BEGIN

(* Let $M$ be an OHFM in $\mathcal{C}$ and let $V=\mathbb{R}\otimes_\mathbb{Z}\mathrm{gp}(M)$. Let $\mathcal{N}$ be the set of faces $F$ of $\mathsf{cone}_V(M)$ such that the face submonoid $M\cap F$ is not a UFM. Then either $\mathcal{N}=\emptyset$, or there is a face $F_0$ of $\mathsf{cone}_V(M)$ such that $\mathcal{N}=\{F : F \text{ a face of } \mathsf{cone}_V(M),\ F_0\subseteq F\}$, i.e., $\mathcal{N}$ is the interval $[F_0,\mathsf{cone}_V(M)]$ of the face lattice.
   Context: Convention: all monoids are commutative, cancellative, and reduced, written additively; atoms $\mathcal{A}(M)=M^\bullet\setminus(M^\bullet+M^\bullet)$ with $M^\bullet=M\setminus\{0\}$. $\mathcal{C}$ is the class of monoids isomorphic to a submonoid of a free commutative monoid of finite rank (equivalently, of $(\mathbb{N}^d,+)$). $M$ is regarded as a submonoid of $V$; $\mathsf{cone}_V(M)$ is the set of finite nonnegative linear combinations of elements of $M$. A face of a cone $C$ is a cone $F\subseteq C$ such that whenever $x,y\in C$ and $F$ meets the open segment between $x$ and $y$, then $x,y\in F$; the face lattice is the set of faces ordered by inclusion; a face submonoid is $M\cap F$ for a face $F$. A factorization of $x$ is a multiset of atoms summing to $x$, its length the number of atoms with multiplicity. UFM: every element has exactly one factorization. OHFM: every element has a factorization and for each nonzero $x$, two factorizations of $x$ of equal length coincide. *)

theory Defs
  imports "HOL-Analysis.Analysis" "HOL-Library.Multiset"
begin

END
BEGIN

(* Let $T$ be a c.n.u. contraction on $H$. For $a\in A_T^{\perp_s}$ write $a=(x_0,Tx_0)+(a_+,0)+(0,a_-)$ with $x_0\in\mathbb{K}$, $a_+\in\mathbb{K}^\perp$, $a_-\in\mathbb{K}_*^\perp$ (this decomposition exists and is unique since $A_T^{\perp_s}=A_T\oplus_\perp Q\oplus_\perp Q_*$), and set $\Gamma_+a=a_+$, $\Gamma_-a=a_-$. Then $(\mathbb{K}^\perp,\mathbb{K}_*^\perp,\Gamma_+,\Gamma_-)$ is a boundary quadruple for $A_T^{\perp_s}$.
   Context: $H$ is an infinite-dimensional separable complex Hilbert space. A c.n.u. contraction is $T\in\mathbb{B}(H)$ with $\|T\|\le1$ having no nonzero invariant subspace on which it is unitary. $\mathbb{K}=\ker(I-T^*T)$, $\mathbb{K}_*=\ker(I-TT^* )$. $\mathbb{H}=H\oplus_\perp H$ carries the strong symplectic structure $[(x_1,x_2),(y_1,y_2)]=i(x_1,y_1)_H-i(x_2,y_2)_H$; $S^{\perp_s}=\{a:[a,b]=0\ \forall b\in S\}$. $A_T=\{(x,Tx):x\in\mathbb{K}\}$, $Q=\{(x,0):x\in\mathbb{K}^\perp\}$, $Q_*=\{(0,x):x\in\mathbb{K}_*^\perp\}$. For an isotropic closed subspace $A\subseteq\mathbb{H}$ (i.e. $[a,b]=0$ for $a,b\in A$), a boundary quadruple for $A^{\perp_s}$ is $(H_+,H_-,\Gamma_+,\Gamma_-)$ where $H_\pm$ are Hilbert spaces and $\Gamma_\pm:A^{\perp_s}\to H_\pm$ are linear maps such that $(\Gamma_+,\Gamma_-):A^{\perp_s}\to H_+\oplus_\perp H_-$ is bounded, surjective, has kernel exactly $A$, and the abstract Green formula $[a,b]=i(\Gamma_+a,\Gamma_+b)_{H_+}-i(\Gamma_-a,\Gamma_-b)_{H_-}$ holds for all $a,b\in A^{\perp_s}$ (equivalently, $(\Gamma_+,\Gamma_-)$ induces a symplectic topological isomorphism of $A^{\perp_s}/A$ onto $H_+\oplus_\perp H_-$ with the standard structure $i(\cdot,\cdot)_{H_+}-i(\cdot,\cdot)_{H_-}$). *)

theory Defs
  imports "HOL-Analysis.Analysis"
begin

END

WORK INSTRUCTIONS: The number of lines in the listing above that contain "Analysis" is all that should be stated.

YOUR RESPONSE: 2